= Christian ashram movement =

Religious movement in India

The Christian ashram movement is a movement within Christianity in India that embraces Vedanta and the teachings of the East, attempting to combine the Christian faith with the Hindu ashram model and Christian monasticism with the Hindu sannyasa tradition.

==Origin and spread==
The "father" of the Christian ashram movement was 17th-century Italian Jesuit priest Roberto de Nobili, a Christian missionary to India who decided to overcome the cultural obstacles to his mission by adopting the various forms of a Hindu sannyāsi. He was followed in this – more than two centuries later – by Brahmabandhab Upadhyay, who was not a foreign missionary but an Indian Bengali Brahmin who converted to Catholicism. His writings publicized several ideas in the movement, including the identification of the Saccidananda with the Christian Holy Trinity, an identification coined by Keshub Chandra Sen in 1882. He also founded an ashram, Kasthalic Matha, although it did not last long.

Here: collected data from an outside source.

lemma mp_inv_diff_lower_bound:
  fixes A B :: "complex^'n^'m"
  defines "E \<equiv> B - A"
  shows "((norm (mp_inv A ** E))\<^sup>2 - (norm (mp_inv A ** E ** mp_inv B ** B))\<^sup>2) / (spec_norm A)\<^sup>2
       + ((norm (E ** mp_inv B))\<^sup>2 - (norm (A ** mp_inv A ** E ** mp_inv B))\<^sup>2) / (spec_norm B)\<^sup>2
       + (norm (mp_inv B ** E ** mp_inv A))\<^sup>2 \<le> (norm (mp_inv B - mp_inv A))\<^sup>2"
proof -
  have "(norm (mp_inv A ** E))\<^sup>2 - (norm (mp_inv A ** E ** mp_inv B ** B))\<^sup>2
      = (norm (mp_inv A ** E ** (mat 1 - mp_inv B ** B)))\<^sup>2"
    using norm_sq_split_projector_right[OF orth_projector_mp_inv_mult, of "mp_inv A ** E" B]
    by (simp add: matrix_mul_assoc)
  also have "\<dots> \<le> (spec_norm A * norm ((mat 1 - mp_inv B ** B) ** mp_inv A))\<^sup>2"
    unfolding E_def by (intro power_mono norm_mp_inv_mult_diff_le) simp
  finally have left: "((norm (mp_inv A ** E))\<^sup>2 - (norm (mp_inv A ** E ** mp_inv B ** B))\<^sup>2)
      / (spec_norm A)\<^sup>2 \<le> (norm ((mat 1 - mp_inv B ** B) ** mp_inv A))\<^sup>2"
    by (rule divide_sq_le_sq)
  have "(norm (E ** mp_inv B))\<^sup>2 - (norm (A ** mp_inv A ** E ** mp_inv B))\<^sup>2
      = (norm ((mat 1 - A ** mp_inv A) ** E ** mp_inv B))\<^sup>2"
    using norm_sq_split_projector_left[OF orth_projector_mult_mp_inv, of "E ** mp_inv B" A]
    by (simp add: matrix_mul_assoc)
  also have "\<dots> \<le> (spec_norm B * norm (mp_inv B ** (mat 1 - A ** mp_inv A)))\<^sup>2"
    unfolding E_def by (intro power_mono norm_diff_mult_mp_inv_le) simp
  finally have right: "((norm (E ** mp_inv B))\<^sup>2 - (norm (A ** mp_inv A ** E ** mp_inv B))\<^sup>2)
      / (spec_norm B)\<^sup>2 \<le> (norm (mp_inv B ** (mat 1 - A ** mp_inv A)))\<^sup>2"
    by (rule divide_sq_le_sq)
  show ?thesis
    using norm_mp_inv_diff_sq[where A = A and B = B] left right unfolding E_def by linarith
qed

theorem theorem3p6:
  fixes A B :: "complex ^'n ^'m"
  defines "E \<equiv> B - A"
  defines "\<alpha>1 \<equiv> ((frob_norm (mp_inv A ** E))\<^sup>2 - (frob_norm (mp_inv A ** E ** mp_inv B ** B))\<^sup>2)
                     / (spec_norm A)\<^sup>2
              + ((frob_norm (E ** mp_inv B))\<^sup>2 - (frob_norm (A ** mp_inv A ** E ** mp_inv B))\<^sup>2)
                     / (spec_norm B)\<^sup>2"
  defines "\<alpha>2 \<equiv> ((frob_norm (E ** mp_inv A))\<^sup>2 - (frob_norm (B ** mp_inv B ** E ** mp_inv A))\<^sup>2)
                     / (spec_norm A)\<^sup>2
              + ((frob_norm (mp_inv B ** E))\<^sup>2 - (frob_norm (mp_inv B ** E ** mp_inv A ** A))\<^sup>2)
                     / (spec_norm B)\<^sup>2"
  shows "(frob_norm (mp_inv B - mp_inv A))\<^sup>2 \<ge>
           max (\<alpha>1 + (frob_norm (mp_inv B ** E ** mp_inv A))\<^sup>2)
               (\<alpha>2 + (frob_norm (mp_inv A ** E ** mp_inv B))\<^sup>2)"
proof (rule max.boundedI)
  show "\<alpha>1 + (frob_norm (mp_inv B ** E ** mp_inv A))\<^sup>2 \<le> (frob_norm (mp_inv B - mp_inv A))\<^sup>2"
    using mp_inv_diff_lower_bound[of A B] unfolding \<alpha>1_def E_def frob_norm_eq_norm by simp
  have "A - B = - E" by (simp add: E_def)
  then show "\<alpha>2 + (frob_norm (mp_inv A ** E ** mp_inv B))\<^sup>2 \<le> (frob_norm (mp_inv B - mp_inv A))\<^sup>2"
    using mp_inv_diff_lower_bound[of B A] norm_minus_commute[of "mp_inv A" "mp_inv B"]
    unfolding \<alpha>2_def frob_norm_eq_norm by (simp add: matrix_neg_left matrix_neg_right)
qed

end
theorem mainTheorem12:
  fixes mu :: "'x::countable \<Rightarrow> 'x multiset pmf" and x :: 'x
  assumes bounded: "\<exists>C::real. \<forall>w. (\<integral>\<^sup>+ y. brw_m mu w y \<partial>count_space UNIV) \<le> ennreal C"
    and genfun: "\<And>z w. (\<forall>y. 0 \<le> z y \<and> z y \<le> 1) \<Longrightarrow>
       ennreal (brw_G mu z w) = 1 / (1 + (\<integral>\<^sup>+ y. brw_m mu w y * ennreal (1 - z y) \<partial>count_space UNIV))"
  shows "(global_survival mu x \<longleftrightarrow>
           (\<exists>v. (\<forall>y. 0 \<le> v y \<and> v y \<le> 1) \<and> v x > 0 \<and> (\<forall>y. brw_M mu v y \<ge> odds (v y))))
       \<and> (global_survival mu x \<longleftrightarrow>
           (\<exists>v. (\<forall>y. 0 \<le> v y \<and> v y \<le> 1) \<and> v x > 0 \<and> (\<forall>y. brw_M mu v y = odds (v y))))"
proof -
  have survival_eq: "\<exists>v. prob_vector v \<and> v x > 0 \<and> (\<forall>y. brw_M mu v y = odds (v y))"
    if surv: "global_survival mu x"
  proof -
    obtain z where "prob_vector z" "z x < 1" "\<forall>y. brw_G mu z y = z y"
      using fixed_point_of_global_survival[OF surv] by blast
    then show ?thesis
      using odds_eq_of_fixed_point[OF genfun] by (intro exI[of _ "\<lambda>y. 1 - z y"]) auto
  qed
  have survival_ge: "global_survival mu x"
    if "prob_vector v" "v x > 0" "\<forall>y. brw_M mu v y \<ge> odds (v y)" for v
    using that supersolution_of_odds_le[OF genfun]
    by (intro global_survival_of_supersolution[of "\<lambda>y. 1 - v y"]) auto
  show ?thesis using survival_eq survival_ge by (metis order_refl)
qed

end
(* Let $(c_n)_{n\in\mathbb N}$ be positive integers; for each $n$ let $A_n,B_n\in M_{c_{n+1},c_n}(\mathbb Z_+)$ be proper matrices and $T_n\in M_{c_n}(\mathbb Z_+)$ a proper diagonal matrix with $A_nT_n=T_{n+1}B_n$ for all $n$. Then there is a rank-2 Bratteli diagram $\Lambda$ of infinite depth whose associated data is $c_n,A_n,B_n,T_n$ and such that for every blue edge $e$ with $r(e)\in V_{n,j}$ and $s(e)\in V_{n+1,i}$ we have $o(e)=A_n(i,j)\,|V_{n,j}|$.
   Context: A $2$-graph is a countable category $\Lambda$ with a functor $d:\Lambda\to\mathbb N^2$ satisfying unique factorisation (if $d(\lambda)=m+n$ there are unique $\mu,\nu$ with $d(\mu)=m,d(\nu)=n,\lambda=\mu\nu$). Vertices $\Lambda^0$ = degree-$0$ paths; $r,s$ range/source; $\Lambda^n=d^{-1}(n)$; $e_1=(1,0),e_2=(0,1)$; $VEW=\{\lambda\in E:r(\lambda)\in V,s(\lambda)\in W\}$. Row-finite: each $v\Lambda^n$ finite. Blue paths: degree in $\mathbb Ne_1$ (edges $\Lambda^{e_1}$); red paths: degree in $\mathbb Ne_2$ (edges $\Lambda^{e_2}$). $\lambda(m,n)$ is the unique path with $\lambda=\lambda'\lambda(m,n)\lambda''$, $d(\lambda')=m$, $d(\lambda(m,n))=n-m$; $\lambda(n)=\lambda(n,n)$. A cycle: $d(\lambda)\ne0$, $r(\lambda)=s(\lambda)$, $\lambda(n)\ne s(\lambda)$ for $0<n<d(\lambda)$; isolated: no $n\le d(\lambda)$ with $r(\lambda)\Lambda^n\setminus\{\lambda(0,n)\}\ne\emptyset$ and no $n\le d(\lambda)$ with $\Lambda^ns(\lambda)\setminus\{\lambda(d(\lambda)-n,d(\lambda))\}\ne\emptyset$. A rank-2 Bratteli diagram of infinite depth is a row-finite 2-graph with $\Lambda^0=\bigsqcup_{n\in\mathbb N}V_n$, each $V_n$ nonempty finite, such that every blue edge $e$ has $r(e)\in V_n$, $s(e)\in V_{n+1}$ for some $n$; every $v$ with $\Lambda^{e_1}v=\emptyset$ lies in $V_0$; every vertex receives a blue edge; every vertex lies on an isolated cycle of red edges; and every red edge has range and source in the same $V_n$. Write $V_n=\bigsqcup_{j=1}^{c_n}V_{n,j}$ with $V_{n,j}$ the vertex sets of the distinct isolated red cycles in $V_n$; the associated data are $c_n$, $A_n(i,j)=|v\Lambda^{e_1}V_{n+1,i}|$ ($v\in V_{n,j}$), $B_n(i,j)=|V_{n,j}\Lambda^{e_1}w|$ ($w\in V_{n+1,i}$), and $T_n=\mathrm{diag}(|V_{n,1}|,\dots,|V_{n,c_n}|)$ (these are independent of the choices). For a blue path $\alpha$, let $f$ be the unique red edge with $s(f)=r(\alpha)$ and $\mathcal F(\alpha)$ the unique blue path with $f\alpha=\mathcal F(\alpha)f'$ for a red edge $f'$; $o(\alpha)=\min\{k>0:\mathcal F^k(\alpha)=\alpha\}$. An integer matrix is proper if its entries are nonnegative and every row and column has a nonzero entry. *)

theory Defs
  imports Main "HOL-Library.Product_Order" "HOL-Library.Product_Plus" "HOL-Library.Countable_Set"
begin

text \<open>A 2-graph is encoded as a small category whose morphisms ("paths") form a set P of
elements of some type 'p.  Objects are identified with their identity morphisms:
r a and s a are the identity morphisms at the range and source of a.  The composition
is c (partial: meaningful when s a = r b), and d is the degree functor into nat x nat
(with componentwise order and addition).\<close>

definition two_graph ::
  "'p set \<Rightarrow> ('p \<Rightarrow> 'p) \<Rightarrow> ('p \<Rightarrow> 'p) \<Rightarrow> ('p \<Rightarrow> 'p \<Rightarrow> 'p) \<Rightarrow> ('p \<Rightarrow> nat \<times> nat) \<Rightarrow> bool" where
  "two_graph P r s c d \<longleftrightarrow>
     countable P \<and>
     (\<forall>a\<in>P. r a \<in> P \<and> s a \<in> P \<and> r (r a) = r a \<and> s (r a) = r a \<and> r (s a) = s a \<and> s (s a) = s a) \<and>
     (\<forall>a\<in>P. c (r a) a = a \<and> c a (s a) = a) \<and>
     (\<forall>a\<in>P. \<forall>b\<in>P. s a = r b \<longrightarrow> c a b \<in> P \<and> r (c a b) = r a \<and> s (c a b) = s b) \<and>
     (\<forall>a\<in>P. \<forall>b\<in>P. \<forall>e\<in>P. s a = r b \<and> s b = r e \<longrightarrow> c (c a b) e = c a (c b e)) \<and>
     (\<forall>a\<in>P. d (r a) = 0) \<and>
     (\<forall>a\<in>P. \<forall>b\<in>P. s a = r b \<longrightarrow> d (c a b) = d a + d b) \<and>
     (\<forall>l\<in>P. \<forall>m n. d l = m + n \<longrightarrow>
        (\<exists>!q. fst q \<in> P \<and> snd q \<in> P \<and> s (fst q) = r (snd q) \<and>
               d (fst q) = m \<and> d (snd q) = n \<and> c (fst q) (snd q) = l))"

In the footsteps of Upadhyay and Sen (second half of the 20th century) came French priest Jules Monchanin (who was later to adopt the name Parma Arupi Anananda), and French Benedictine monk Henri le Saux (who was later to adopt the name Abhishiktananda), the co-founders of Saccidananda Ashram (also called Shantivanam), an ashram founded in 1950 at Tannirpalli in Tiruchirapalli District and still surviving into the 21st century. Upadhyay was also an influence upon Bede Griffiths, who co-founded Kurisumala Ashram with Belgian Trappist Francis Mahieu and who took over leadership of Saccidananda Ashram after Monchanin's death and le Saux's decision to leave for his hermitage in the Himalayas.

In the late seventeenth, early eighteenth, century, P. Charles François Dolu and Jean-Venance Bouchet designed Catholic ceremonies that integrated Hindu traditions. Bouchet became a noted scholar of Hinduism and adopted Hindu dress, ascetic practices, and vegetarianism.

Many other Christian ashrams now exist in India. By 2004, there were at least 50 of them, including: Saccidananda Ashram (aforementioned), Kurisumala Ashram (aforementioned), Christukula Ashram (located in Tirupattur and also founded by Ernest Forrester Paton and S. Jesudasan, but by Anglicans rather than Roman Catholics, in the 1930s), Christa Prema Seva Ashram (located in Shivajinagar (near Pune) and founded in 1927 by Anglican John "Jack" Winslow), Jyotiniketan Ashram (in Bareilly), and Christi Panti Ashram (in Varanasi). Other ashrams founded by the movement include Sat Tal Ashram (founded by Methodist E. Stanley Jones) and Nava Jeeva Ashram, Founded by Pradhan Acharya John Thannickal in Bangalore.

Whilst Saccidananda and others were founded by Catholics, with some 80 Catholic ashrams existing by 2005, Christa Prema Seva and Christukula were the first two of the (surviving) Protestant ashrams. Backed by the experience of a multisecular monastic tradition the Catholic ashrams have proven more successful than the Protestant. In addition to their greater number, the continuance of Saccidananda Ashram under Bede Griffiths contrasts strikingly with the problems that Protestant ashrams have had under second-generation leadership, as exemplified by the faltering of Christa Prema Seva Ashram (and indeed by the Protestant ashram founded in 1917 by N. V. Tilak at Satra, possibly the very first Protestant ashram, which collapsed upon his death in 1919). Stanley Samartha reported in 1980 that the movement had "almost dried up".

==Conflicts==
The movement has not been without interreligious friction. Although there was dialogue between Hinduism and Christianity in general in the 1960s, this broke down as few were willing to engage in common meditation or social work practice. The Christian ashram movement, specifically, came under attack from some factions of Hinduism, as can be witnessed from a series of letters exchanged between Bede Griffiths and Swami Devananda – more on which can be found in Catholic Ashrams (Goel 1988). Such criticism from (some) Hindus has been severe; but criticism has also been levelled from the Christian side, where conservative groups within the Catholic Church have regarded the Hindu influences upon Christian ashrams with some suspicion. The view of Indians as a whole appears to be that the Christian ashram movement is mainly "for foreigners"; however the view remains that the movement, at least the Catholic side, will continue in existence and provide (in the words of one commentator quoted by George Soares-Prabhu in 1994) "an important point of contact for dialogue with Hinduism".

The Second Vatican Council, in its Declaration on Non-Christian Religions, said that "the Church rejects nothing that is true and holy in these religions". In Christian sannyasa, Hindu holy texts such as the Mahabharata and the Puranas are considered to be gifts from God. Brother John Martin Sahajananda summarizes this Roman Catholic teaching as, "All the sacred scriptures are a gift of God to humanity."